Luckily things have been looking up with PPP fixes in the pipeline and coalitions being formed, but there is still plenty of room for help. Looking at the statistics still is not a pretty picture. 

“I don’t think that’s doomsday rhetoric, it’s an actual sentiment that is shared by all of us, there’s just no way to get through this without help,” adds Akin. “The best way to help in my view is to donate to the IRC, because we do have a really awesome team of lobbyists helping us in DC and we are also creating programs to support restaurants directly through the coalition. I think practically, the best thing you can do is to support independent restaurants that don’t have massive corporations standing behind them with all of their borrowing power and safety nets that come with it. Also going there to get the food and ordering from the restaurant and not ordering through a delivery company that’s going to take 30% of the transaction. When you have the itch to order a restaurant meal, use it as an opportunity to do it in a more impactful way than just waiting for the food to arrive at your door.”

Stock

Akin also says there are ways to go right to the top to help show those in power just how important this industry is to the city. 
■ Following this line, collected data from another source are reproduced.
lemma club_in_inter_greaterThan:
  assumes si: "strongly_inaccessible (UNIV :: 'o::wellorder set)" and C: "club_in C UNIV"
  shows "club_in (C \<inter> {x<..}) (UNIV :: 'o set)"
proof -
  have "\<exists>z\<in>C \<inter> {x<..}. y \<le> z" for y
  proof -
    obtain z where "z \<in> C" and "max x y < z"
      using club_in_unbounded[OF si C] by blast
    then show ?thesis
      by (intro bexI[of _ z]) auto
  qed
  moreover have "ord_closed_in (C \<inter> {x<..}) UNIV"
    unfolding ord_closed_in_def
  proof (intro ballI impI)
    fix y :: 'o assume lim: "(\<exists>a. a < y) \<and> (\<forall>a<y. \<exists>z\<in>C \<inter> {x<..}. a < z \<and> z < y)"
    then have "y \<in> C"
      using C unfolding club_in_def ord_closed_in_def by blast
    moreover have "x < y"
      using lim by (meson IntD2 greaterThan_iff order.strict_trans)
    ultimately show "y \<in> C \<inter> {x<..}"
      by simp
  qed
  ultimately show ?thesis
    unfolding club_in_def cofinal_in_def by blast
qed

lemma stationary_inter_club_unbounded:
  assumes "strongly_inaccessible (UNIV :: 'o::wellorder set)"
    and "stationary_in S UNIV" and "club_in D UNIV"
  shows "\<exists>z\<in>S \<inter> D. (x :: 'o) < z"
  using assms(2) club_in_inter_greaterThan[OF assms(1,3), of x] unfolding stationary_in_def by blast

lemma closure_point_mem_club:
  assumes C: "club_in C UNIV"
    and dominated: "\<And>i. x \<le> i \<Longrightarrow> \<exists>z\<in>C. i < z \<and> z \<le> g i"
    and "x < y" and "y \<in> closure_points g"
  shows "y \<in> C"
proof -
  have "\<exists>z\<in>C. a < z \<and> z < y" if "a < y" for a
  proof -
    obtain z where "z \<in> C" "max a x < z" "z \<le> g (max a x)"
      using dominated[of "max a x"] by auto
    moreover have "g (max a x) < y"
      using assms(3,4) \<open>a < y\<close> unfolding closure_points_def by simp
    ultimately show ?thesis
      by auto
  qed
  then show ?thesis
    using C \<open>x < y\<close> unfolding club_in_def ord_closed_in_def by blast
qed

section \<open>Nowhere stationary subsets of kappa\<close>

lemma nowhere_stationary_disjoint_club:
  assumes "strongly_inaccessible (UNIV :: 'o::wellorder set)"
    and "nowhere_stationary (A :: 'o set) UNIV"
  obtains C where "club_in C UNIV" and "A \<inter> C = {}"
proof -
  have "UNIV \<in> segs (UNIV :: 'o set)"
    unfolding segs_def by blast
  then have "\<not> stationary_in A UNIV"
    using assms(2) strongly_inaccessible_uncountable_cof[OF assms(1)]
    unfolding nowhere_stationary_def by auto
  then show ?thesis
    using that unfolding stationary_in_def by blast
qed

lemma nowhere_stationary_if_non_reflecting:
  assumes "non_reflecting S" and "A \<subseteq> S" and "club_in C UNIV" and "A \<inter> C = {}"
  shows "nowhere_stationary (A :: 'o::wellorder set) UNIV"
  unfolding nowhere_stationary_def
proof (intro conjI ballI impI)
  fix E assume E: "E \<in> segs (UNIV :: 'o set)" "uncountable_cof E"
  show "\<not> stationary_in (A \<inter> E) E"
  proof (cases "E = UNIV")
    case True
    then show ?thesis
      using assms(3,4) unfolding stationary_in_def by auto
  next
    case False
    then obtain x where "E = {..<x}"
      using E(1) unfolding segs_def by blast
    then show ?thesis
      using assms(1,2) E(2) unfolding non_reflecting_def stationary_in_def by blast
  qed
qed simp

lemma nowhere_stationary_diff_closure_points:
  assumes "strongly_inaccessible (UNIV :: 'o::wellorder set)" and "non_reflecting S"
  shows "nowhere_stationary (S - closure_points (f :: 'o \<Rightarrow> 'o)) UNIV"
  using nowhere_stationary_if_non_reflecting[OF assms(2)] club_in_closure_points[OF assms(1)]
  by blast

section \<open>Comparing add with b\<close>

lemma le_star_next_in_stationary:
  assumes "subseteq_star (S - closure_points f) B" and "B \<inter> D = {}"
    and unbounded: "\<And>x. \<exists>z\<in>S \<inter> D. x < z"
  shows "le_star f (next_in (S \<inter> D))"
proof -
  obtain x where x: "\<forall>y\<in>S - closure_points f - B. y < x"
    using assms(1) unfolding subseteq_star_def by blast
  have "f i \<le> next_in (S \<inter> D) i" if "x \<le> i" for i
  proof -
    let ?z = "next_in (S \<inter> D) i"
    have z: "?z \<in> S \<inter> D" "i < ?z"
      using next_in[OF unbounded[of i]] by blast+
    moreover have "\<not> ?z < x"
      using z(2) that by simp
    ultimately have "?z \<in> closure_points f"
      using x assms(2) by blast
    then show ?thesis
      using z(2) unfolding closure_points_def by (simp add: less_imp_le)
  qed
  then show ?thesis
    unfolding le_star_def by blast
qed

lemma add_le_b_if_diff_closure_points_mem:
  assumes si: "strongly_inaccessible (UNIV :: 'o::wellorder set)"
    and "stationary_in S (UNIV :: 'o set)"
    and nst: "\<And>A. A \<in> fam \<Longrightarrow> nowhere_stationary A UNIV"
    and mem: "\<And>f. S - closure_points f \<in> fam"
  shows "add_le_b fam"
  unfolding add_le_b_def
proof (intro allI impI)
  fix B :: "('o \<Rightarrow> 'o) set" assume "b_unbounded B"
  define F where "F = (\<lambda>f. S - closure_points f) ` B"
  have "unbounded_subfamily fam F"
    unfolding unbounded_subfamily_def
  proof (intro conjI notI)
    show "F \<subseteq> fam"
      unfolding F_def using mem by blast
  next
    assume "\<exists>B'\<in>fam. \<forall>A\<in>F. subseteq_star A B'"
    then obtain B' where "B' \<in> fam" and bound: "\<forall>A\<in>F. subseteq_star A B'"
      by blast
    then obtain D where "club_in D UNIV" and "B' \<inter> D = {}"
      using nowhere_stationary_disjoint_club[OF si] nst by metis
    then have "le_star f (next_in (S \<inter> D))" if "f \<in> B" for f
      using le_star_next_in_stationary stationary_inter_club_unbounded[OF si assms(2)]
        bound that unfolding F_def by blast
    then show False
      using \<open>b_unbounded B\<close> unfolding b_unbounded_def by blast
  qed
  moreover have "(card_of F, card_of B) \<in> ordLeq"
    unfolding F_def by (rule card_of_image)
  ultimately show "\<exists>F. unbounded_subfamily fam F \<and> (card_of F, card_of B) \<in> ordLeq"
    by blast
qed

lemma subseteq_star_diff_closure_points:
  assumes si: "strongly_inaccessible (UNIV :: 'o::wellorder set)"
    and "(A :: 'o set) \<subseteq> S" and "club_in C UNIV" and "A \<inter> C = {}"
    and "le_star (next_in C) g"
  shows "subseteq_star A (S - closure_points g)"
proof -
  obtain x where x: "\<And>i. x \<le> i \<Longrightarrow> next_in C i \<le> g i"
    using assms(5) unfolding le_star_def by blast
  have "\<exists>z\<in>C. i < z \<and> z \<le> g i" if "x \<le> i" for i
    using next_in[OF club_in_unbounded[OF si assms(3)]] x[OF that] by blast
  then have "y \<le> x" if "y \<in> A - (S - closure_points g)" for y
    using closure_point_mem_club[OF assms(3)] that assms(2,4) by force
  moreover obtain x' where "x < x'"
    using strongly_inaccessible_gt_ex[OF si] by blast
  ultimately show ?thesis
    unfolding subseteq_star_def using le_less_trans by blast
qed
“I think this is a big ask for people, but I also know people have a little more time on their hands than they use too, so calling congressmen and calling senators and saying ‘I care about restaurants, it’s where I celebrate milestones in my life and create memories, its important to our communities and tourism, and we don’t want to see them disappear—because that’s what we’re facing right now. The temperature amongst my colleagues is that we’re not going to make it without help, truly.”